Dataset excerpts:
....................

(* If $(A,\Delta)$ is a generalized multiplier Hopf coquasigroup with an identity, then $(A,\Delta)$ is a Hopf coquasigroup.
   Context: A generalized multiplier Hopf coquasigroup is: an associative algebra $A$ over a field $k$ with non-degenerate product, an algebra homomorphism $\Delta:A\to M(A\otimes A)$ (not necessarily coassociative) with Galois maps $T_{1}(a\otimes b)=\Delta(a)(1\otimes b)$, $T_{2}(a\otimes b)=(a\otimes 1)\Delta(b)$ in $A\otimes A$, and a linear $\varepsilon:A\to k$ with $(\varepsilon\otimes\iota)T_{1}(a\otimes b)=ab=(\iota\otimes\varepsilon)T_{2}(a\otimes b)$, such that $T_{1},T_{2}$ are bijective, $T_{1}^{-1}=(\iota\otimes\varepsilon\otimes\iota)(\iota\otimes T_{1}^{-1})(\Delta\otimes\iota)$ and $T_{2}^{-1}=(\iota\otimes\varepsilon\otimes\iota)(T_{2}^{-1}\otimes\iota)(\iota\otimes\Delta)$. The antipode $S$ is defined by $S(a)b=(\varepsilon\otimes\iota)T_{1}^{-1}(a\otimes b)$. If $A$ has an identity then $M(A)=A$, $M(A\otimes A)=A\otimes A$. A Hopf coquasigroup (in the sense of Klim–Majid) is a unital algebra $A$ with algebra maps $\Delta:A\to A\otimes A$, $\varepsilon:A\to k$ (counital, $\Delta$ not necessarily coassociative) and a linear $S:A\to A$ with $(m\otimes\iota)(S\otimes\Delta)\Delta(a)=1\otimes a=(m\otimes\iota)(\iota\otimes S\otimes\iota)(\iota\otimes\Delta)\Delta(a)$ and $(\iota\otimes m)(\Delta\otimes S)\Delta(a)=a\otimes 1=(\iota\otimes m)(\iota\otimes S\otimes\iota)(\Delta\otimes\iota)\Delta(a)$. *)

theory Defs
  imports "HOL-Library.Poly_Mapping"
begin

text \<open>
  Vector spaces over a field 'k are modelled by their coordinates with respect to a
  (Hamel) basis: a k-vector space with basis indexed by the type 'b is the space
  'b \<Rightarrow>0 'k of finitely supported functions.  Every vector space is of this form
  up to isomorphism.  The tensor product of such spaces is then again free, with
  basis indexed by the product of the index types; this gives A \<otimes> A and
  A \<otimes> (A \<otimes> A), (A \<otimes> A) \<otimes> A canonically.
\<close>

type_synonym ('b, 'k) vec = "'b \<Rightarrow>\<^sub>0 'k"

definition vsc :: "'k::field \<Rightarrow> ('b, 'k) vec \<Rightarrow> ('b, 'k) vec" where
  "vsc c x = Poly_Mapping.map (\<lambda>a. c * a) x"

definition bvec :: "'b \<Rightarrow> ('b, 'k::field) vec" where
  "bvec i = Poly_Mapping.single i 1"

definition lin_ext :: "('b \<Rightarrow> ('c, 'k::field) vec) \<Rightarrow> ('b, 'k) vec \<Rightarrow> ('c, 'k) vec" where
  "lin_ext F x = (\<Sum>p\<in>Poly_Mapping.keys x. vsc (Poly_Mapping.lookup x p) (F p))"

definition tens :: "('a, 'k::field) vec \<Rightarrow> ('c, 'k) vec \<Rightarrow> ('a \<times> 'c, 'k) vec" where
  "tens x y = (\<Sum>i\<in>Poly_Mapping.keys x. \<Sum>j\<in>Poly_Mapping.keys y. Poly_Mapping.single (i, j) (Poly_Mapping.lookup x i * Poly_Mapping.lookup y j))"

definition tmap :: "(('a, 'k::field) vec \<Rightarrow> ('c, 'k) vec) \<Rightarrow> (('d, 'k) vec \<Rightarrow> ('e, 'k) vec)
    \<Rightarrow> ('a \<times> 'd, 'k) vec \<Rightarrow> ('c \<times> 'e, 'k) vec" where
  "tmap f g = lin_ext (\<lambda>(i, j). tens (f (bvec i)) (g (bvec j)))"

definition assoc_r :: "(('a \<times> 'b) \<times> 'c, 'k::field) vec \<Rightarrow> ('a \<times> ('b \<times> 'c), 'k) vec" where
  "assoc_r = lin_ext (\<lambda>((i, j), l). bvec (i, (j, l)))"

definition assoc_l :: "('a \<times> ('b \<times> 'c), 'k::field) vec \<Rightarrow> (('a \<times> 'b) \<times> 'c, 'k) vec" where
  "assoc_l = lin_ext (\<lambda>(i, (j, l)). bvec ((i, j), l))"

text \<open>(\<epsilon> \<otimes> \<iota>) : A \<otimes> C \<rightarrow> k \<otimes> C = C  and  (\<iota> \<otimes> \<epsilon>) : C \<otimes> A \<rightarrow> C \<otimes> k = C.\<close>
definition eps_id :: "(('a, 'k::field) vec \<Rightarrow> 'k) \<Rightarrow> ('a \<times> 'c, 'k) vec \<Rightarrow> ('c, 'k) vec" where
  "eps_id \<epsilon> = lin_ext (\<lambda>(i, j). vsc (\<epsilon> (bvec i)) (bvec j))"

definition id_eps :: "(('a, 'k::field) vec \<Rightarrow> 'k) \<Rightarrow> ('c \<times> 'a, 'k) vec \<Rightarrow> ('c, 'k) vec" where
  "id_eps \<epsilon> = lin_ext (\<lambda>(i, j). vsc (\<epsilon> (bvec j)) (bvec i))"

definition mlin :: "(('b, 'k::field) vec \<Rightarrow> ('b, 'k) vec \<Rightarrow> ('b, 'k) vec)
    \<Rightarrow> ('b \<times> 'b, 'k) vec \<Rightarrow> ('b, 'k) vec" where
  "mlin mult = lin_ext (\<lambda>(i, j). mult (bvec i) (bvec j))"

definition tmult :: "(('b, 'k::field) vec \<Rightarrow> ('b, 'k) vec \<Rightarrow> ('b, 'k) vec)
    \<Rightarrow> ('b \<times> 'b, 'k) vec \<Rightarrow> ('b \<times> 'b, 'k) vec \<Rightarrow> ('b \<times> 'b, 'k) vec" where
  "tmult mult x y = (\<Sum>p\<in>Poly_Mapping.keys x. \<Sum>q\<in>Poly_Mapping.keys y.
      vsc (Poly_Mapping.lookup x p * Poly_Mapping.lookup y q) (tens (mult (bvec (fst p)) (bvec (fst q))) (mult (bvec (snd p)) (bvec (snd q)))))"

definition linear_map :: "(('a, 'k::field) vec \<Rightarrow> ('c, 'k) vec) \<Rightarrow> bool" where
  "linear_map f \<longleftrightarrow> (\<forall>x y. f (x + y) = f x + f y) \<and> (\<forall>c x. f (vsc c x) = vsc c (f x))"

definition linear_functional :: "(('a, 'k::field) vec \<Rightarrow> 'k) \<Rightarrow> bool" where
  "linear_functional f \<longleftrightarrow> (\<forall>x y. f (x + y) = f x + f y) \<and> (\<forall>c x. f (vsc c x) = c * f x)"

definition unital_algebra :: "(('b, 'k::field) vec \<Rightarrow> ('b, 'k) vec \<Rightarrow> ('b, 'k) vec) \<Rightarrow> ('b, 'k) vec \<Rightarrow> bool" where
  "unital_algebra mult one \<longleftrightarrow>
     (\<forall>a. linear_map (mult a)) \<and> (\<forall>b. linear_map (\<lambda>a. mult a b)) \<and>
     (\<forall>a b c. mult (mult a b) c = mult a (mult b c)) \<and>
     (\<forall>a. mult one a = a \<and> mult a one = a)"

definition galois_T1 where
  "galois_T1 mult one \<Delta> = lin_ext (\<lambda>(i, j). tmult mult (\<Delta> (bvec i)) (tens one (bvec j)))"

definition galois_T2 where
  "galois_T2 mult one \<Delta> = lin_ext (\<lambda>(i, j). tmult mult (tens (bvec i) one) (\<Delta> (bvec j)))"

....................

Retype only the lines above between the line with "g = lin_ext" and the line with "(\<lambda>((i, j), l).", counting those two lines as well, and keep every character as it is.

• YOUR RESPONSE:
  "tmap f g = lin_ext (\<lambda>(i, j). tens (f (bvec i)) (g (bvec j)))"

definition assoc_r :: "(('a \<times> 'b) \<times> 'c, 'k::field) vec \<Rightarrow> ('a \<times> ('b \<times> 'c), 'k) vec" where
  "assoc_r = lin_ext (\<lambda>((i, j), l). bvec (i, (j, l)))"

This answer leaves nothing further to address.